Мужики глухо проворчали: шутка ли – изгальство над богом над Иисусом Христом (для них не Исус, а Иисус)! Кто-то сказал, что надо бы проучить рыжую бороду да пинками надавать из ограды. Купца тоже пробрало до костей. Озверел.

– Без бога, гришь? Без Исуса? – и, оглянувшись на мужиков, призвал: – Будьте свидетелями, православные христиане! Биться буду с безбожником смертным боем. Слышали, как он святотаствовал? Хто экое потерпит?!

– Бить, бить надо!

Мокей ничего не понимал. Только что собственными ушами слышал, как ругались и в бога и в мать богородицу, и вдруг все ополчились на него, как на волка.

– В бога материтесь, а за бога…

Мокей не успел досказать – купчина ударил в скулу. Чуть с ног не слетел.

– Лупи его, Гаврила Спиридоныч! Лупи!

– Смертным боем безбожника…

– Под сосало ему, под сосало! – орали со всех сторон.

На крыльцо из постоялого дома и из трактира на верхнем этаже выбежали сенные девки, целовальник, заезжий лабазник, трактирщик, и все они подбадривали купчину Гаврилу Спиридоныча, чтоб он проучил смертным боем бородатого безбожника.

VIII

И пошло, завертелось, закружилось возле крыльца!..

Схватились грудь в грудь, отскакивали, снова сплывались, хватали друг друга за глотки, но держались на ногах.

Мужики со стороны, особенно возчики и приказчик, поддакивали купцу Гавриле Спиридонычу, готовые сами ввязаться в драку и отбить почки и внутренности безбожнику.

Со всей улицы сбежался народ к постоялому двору. Глазели, дивились, возгораясь жаждою настоящего смертоубийства. От одного к другому, как по веревочке, неслось, что купец бьется смертным боем с безбожником, какого свет не видывал.

Мокей собрал всю свою силушку и сноровку в драках, чтоб не поддаться купчине, а положить бы его на лопатки без кровопролития да прижать к земле, чтоб он пришел в сознание.

– Без бога, гришь? Не бымши, гришь? – осатанел купчина и, изловчившись, ударил Мокея в нос и в губы – кровь брызнула. Заехал, как кувалдой. И тут терпение Мокея лопнуло. Ахнул купчину в скулу – челюсть вывернулась. Падая, купец ударился затылком о железную чеку возле ступицы заднего колеса телеги и руки раскинул.

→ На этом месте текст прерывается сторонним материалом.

(* Approximate each of the fewer than K unit vectors z of the tensor product by a sequence of
   finite sums of elementary tensors whose projective weights tend to norm z. Squareness there yields unit vectors x0, y0 with norm (a + x0), norm (a - x0),
   norm (b + y0), norm (b - y0) all at most c for these factors a, b. By the polarisation identity
   2 (a (x) b + x0 (x) y0) = (a + x0) (x) (b + y0) + (a - x0) (x) (b - y0) every representation u
   of weight s satisfies norm (u + s x0 (x) y0) <= s c^2, and in the limit
   norm (z + x0 (x) y0) <= c^2; replacing y0 by -y0 gives the other sign. The finite-dimensional
   Hahn-Banach theorem shows that x0 (x) y0 is a unit vector. Taking c = 1 and c = 1 + delta with
   (1 + delta)^2 = 1 + eps gives the two statements. *)

theory Submission
  imports Defs
begin

lemma lepoll_iff_card_of_ordLeq: "A \<lesssim> B \<longleftrightarrow> ordLeq2 (card_of A) (card_of B)"
  by (simp add: lepoll_def card_of_ordLeq[symmetric] image_subset_iff_funcset)

lemma countable_lesspoll_uncountable:
  assumes "countable A" "uncountable K"
  shows "A \<prec> K"
proof -
  have "A \<lesssim> (UNIV :: nat set)"
    using assms(1) by (auto simp: countable_def lepoll_def)
  also have "(UNIV :: nat set) \<lesssim> K"
    using assms(2) uncountable_infinite infinite_le_lepoll by blast
  finally show ?thesis
    using assms countable_eqpoll eqpoll_sym unfolding lesspoll_def by blast
qed

lemma UN_countable_lesspoll:
  assumes K: "uncountable K" and A: "A \<prec> K" and F: "\<And>a. a \<in> A \<Longrightarrow> countable (F a)"
  shows "(\<Union>a\<in>A. F a) \<prec> K"
proof (cases "finite A")
  case True
  then show ?thesis
    using F K by (intro countable_lesspoll_uncountable countable_UN) (auto intro: countable_finite)
next
  case False
  have "F a \<lesssim> A" if "a \<in> A" for a
  proof -
    have "F a \<lesssim> (UNIV :: nat set)"
      using F[OF that] by (auto simp: countable_def lepoll_def)
    also have "(UNIV :: nat set) \<lesssim> A"
      using False infinite_le_lepoll by blast
    finally show ?thesis .
  qed
  then have "(\<Union>a\<in>A. F a) \<lesssim> A"
    using card_of_UNION_ordLeq_infinite[OF False, of A F]
    by (simp add: lepoll_iff_card_of_ordLeq[symmetric])
  then show ?thesis using A lesspoll_trans1 by blast
qed

lemma linear_functional_vanishing_on_subspace:
  fixes v :: "'a::real_vector"
  assumes W: "subspace W" and v: "v \<notin> W"
  obtains g :: "'a \<Rightarrow> real" where "linear g" "g v = 1" "\<And>w. w \<in> W \<Longrightarrow> g w = 0"
proof -
  obtain B where B: "B \<subseteq> W" "independent B" "W \<subseteq> span B"
    by (rule basis_exists)
  have "v \<notin> span B"
    using B W v span_minimal by blast
  then have "independent (insert v B)"
    using B(2) independent_insertI by blast
  then obtain g :: "'a \<Rightarrow> real" where g: "linear g" "\<And>u. u \<in> insert v B \<Longrightarrow> g u = (if u = v then 1 else 0)"
    using linear_independent_extend[of "insert v B" "\<lambda>u. if u = v then 1 else 0"] by blast
  have "g u = 0" if "u \<in> B" for u
    using g(2) B(1) v that by auto
  then have "g w = 0" if "w \<in> W" for w
    using linear_eq_0_on_span[OF g(1)] B(3) that by blast
  then show ?thesis
    using that g by simp
qed

lemma bilinear_mult_linear:
  fixes f :: "'a::real_vector \<Rightarrow> real" and g :: "'b::real_vector \<Rightarrow> real"
  assumes "linear f" "linear g"
  shows "bilinear (\<lambda>u v. f u * g v)"
  unfolding bilinear_def
  by (auto intro!: linearI simp: linear_add[OF assms(1)] linear_add[OF assms(2)]
      linear_scale[OF assms(1)] linear_scale[OF assms(2)] distrib_left distrib_right)

lemma norm_dominated_separating_value:
  fixes f :: "'a::real_normed_vector \<Rightarrow> real"
  assumes W: "subspace W" and f: "linear f" and fW: "\<And>w. w \<in> W \<Longrightarrow> \<bar>f w\<bar> \<le> norm w"
  obtains c where "\<And>w. w \<in> W \<Longrightarrow> f w - norm (w - v) \<le> c"
    "\<And>w. w \<in> W \<Longrightarrow> c \<le> norm (w + v) - f w"
proof -
  define S where "S = {f w - norm (w - v) | w. w \<in> W}"
  have gap: "f w' - norm (w' - v) \<le> norm (w + v) - f w" if "w \<in> W" "w' \<in> W" for w w'
  proof -
    have "f w + f w' = f (w + w')"
      by (simp add: linear_add[OF f])
    also have "\<dots> \<le> norm (w + w')"
      using fW[of "w + w'"] W that by (simp add: subspace_add)
    also have "\<dots> \<le> norm (w + v) + norm (w' - v)"
      using norm_triangle_ineq[of "w + v" "w' - v"] by simp
    finally show ?thesis by simp
  qed
  have "0 \<in> W"
    using W subspace_0 by blast
  then have "S \<noteq> {}" and "bdd_above S"
    unfolding S_def bdd_above_def using gap[OF \<open>0 \<in> W\<close>] by blast+
  show ?thesis
  proof (rule that[of "Sup S"])
    show "f w - norm (w - v) \<le> Sup S" if "w \<in> W" for w
      using \<open>bdd_above S\<close> that by (auto simp: S_def intro!: cSup_upper)
    show "Sup S \<le> norm (w + v) - f w" if "w \<in> W" for w
      using \<open>S \<noteq> {}\<close> gap that by (auto simp: S_def intro!: cSup_least)
  qed
qed

(* The one-dimensional step of the Hahn-Banach theorem, dominated by the norm. *)
lemma norm_dominated_extension_value:
  fixes f :: "'a::real_normed_vector \<Rightarrow> real"
  assumes W: "subspace W" and f: "linear f" and fW: "\<And>w. w \<in> W \<Longrightarrow> \<bar>f w\<bar> \<le> norm w"
  obtains c where "\<And>w a. w \<in> W \<Longrightarrow> f w + a * c \<le> norm (w + a *\<^sub>R v)"
proof -
  obtain c where below: "\<And>w. w \<in> W \<Longrightarrow> f w - norm (w - v) \<le> c"
    and above: "\<And>w. w \<in> W \<Longrightarrow> c \<le> norm (w + v) - f w"
    using norm_dominated_separating_value[OF W f fW] by blast
  have "f w + a * c \<le> norm (w + a *\<^sub>R v)" if w: "w \<in> W" for w a
  proof (cases a "0::real" rule: linorder_cases)
    case less
    define b where "b = - a"
    have b: "b > 0"
      using less by (simp add: b_def)
    have wb: "w /\<^sub>R b \<in> W"
      using W w subspace_scale by blast
    have "f (w /\<^sub>R b) = f w / b"
      by (simp add: linear_scale[OF f] divide_inverse_commute)
    then have "f w + a * c = b * (f (w /\<^sub>R b) - c)"
      using b by (simp add: b_def field_simps)
    also have "\<dots> \<le> b * norm (w /\<^sub>R b - v)"
      using below[OF wb] b by (intro mult_left_mono) auto
    also have "\<dots> = norm (w + a *\<^sub>R v)"
      using b norm_scaleR[of b "w /\<^sub>R b - v"] by (simp add: b_def algebra_simps)
    finally show ?thesis .
  next
    case equal
    then show ?thesis
      using fW w by force
  next
    case greater
    have wa: "w /\<^sub>R a \<in> W"
      using W w subspace_scale by blast
    have "f w + a * c = a * (f (w /\<^sub>R a) + c)"
      using greater by (simp add: linear_scale[OF f] field_simps)
    also have "\<dots> \<le> a * norm (w /\<^sub>R a + v)"
      using above[OF wa] greater by (intro mult_left_mono) auto
    also have "\<dots> = norm (w + a *\<^sub>R v)"
      using greater norm_scaleR[of a "w /\<^sub>R a + v"] by (simp add: algebra_simps)
    finally show ?thesis .
  qed
  then show ?thesis
    using that by blast
qed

– Убивство! Убивство, православные! – заорал приказчик.

– Сусе Христе! Сусе Христе!

– Станового позвать! Станового!

– Вяжите разбойника!..

Мокей отпрыгнул к телеге, возле которой лежал купец, крикнул:

– Не я лез с кулаками, али не зрили?!

Кто-то запустил половинкой кирпича. Мокей успел уклониться и кирпич угодил в купца – башку проломил.

Приказчик успел достать ружье, или ему кто подал, Мокей того не знает и не сообразил даже, что было прежде: грохот ли выстрела или сильный толчок в правое плечо.

Выстрел из ружья образумил всех…

Сенные девки, подобрав длинные сарпинковые юбки, с визгом побежали на второй этаж постоялого дома, а за ними – лабазник, трактирщик, а целовальник кинулся прочь из ограды. Вскоре в ограде остались только возчики купеческого обоза и долговязый приказчик с ними.

– Шутейно, шутейно, а тут – на тебе! Смертоубийство! – бормотал один из возчиков.

– Шутейно? Али не видели, как разбойник кирпичом саданул по голове Гаврила Спиридоныча?! – подсказал приказчик, и возчики, сообразив, притихли: кирпич-то запустил один из них, свой брат.

Прислонившись к телеге, ухватившись за пораненное плечо, Мокей качал головою. Разве он зачинщик драки? Разве он ударил кирпичом? «Убивец, убивец!» – кричат. Кто убивец? Он. Мокей? Да как же это так! «Неможно то, неможно. Напраслина», – ворочалась трудная мысль, как вдруг в ограду беркутом влетел становой пристав, усатый, как морж, и шашку из ножен, а за ним два стражника с ружьями.

Приказчик и возчики купеческого обоза одним дыхом гаркнули, указав на Мокея: – Убивец!..

Мокей слушает и не понимает: оказывается, он сам полез с кулаками на купца Тужилина за то, что тот верующий в бога, а он, Мокей, безбожник, потому и убил купца кирпичом. И что приказчик, защищая себя и возчиков от разбойника, выстрелил в Мокея из ружья.

– Не убивал купца! Не убивал! – проговорил Мокей, но становой пристав не стал слушать.

– Связать!..

Стражники, выставив ружья, крикнули долговязому приказчику и возчикам, чтоб те скрутили веревками разбойника.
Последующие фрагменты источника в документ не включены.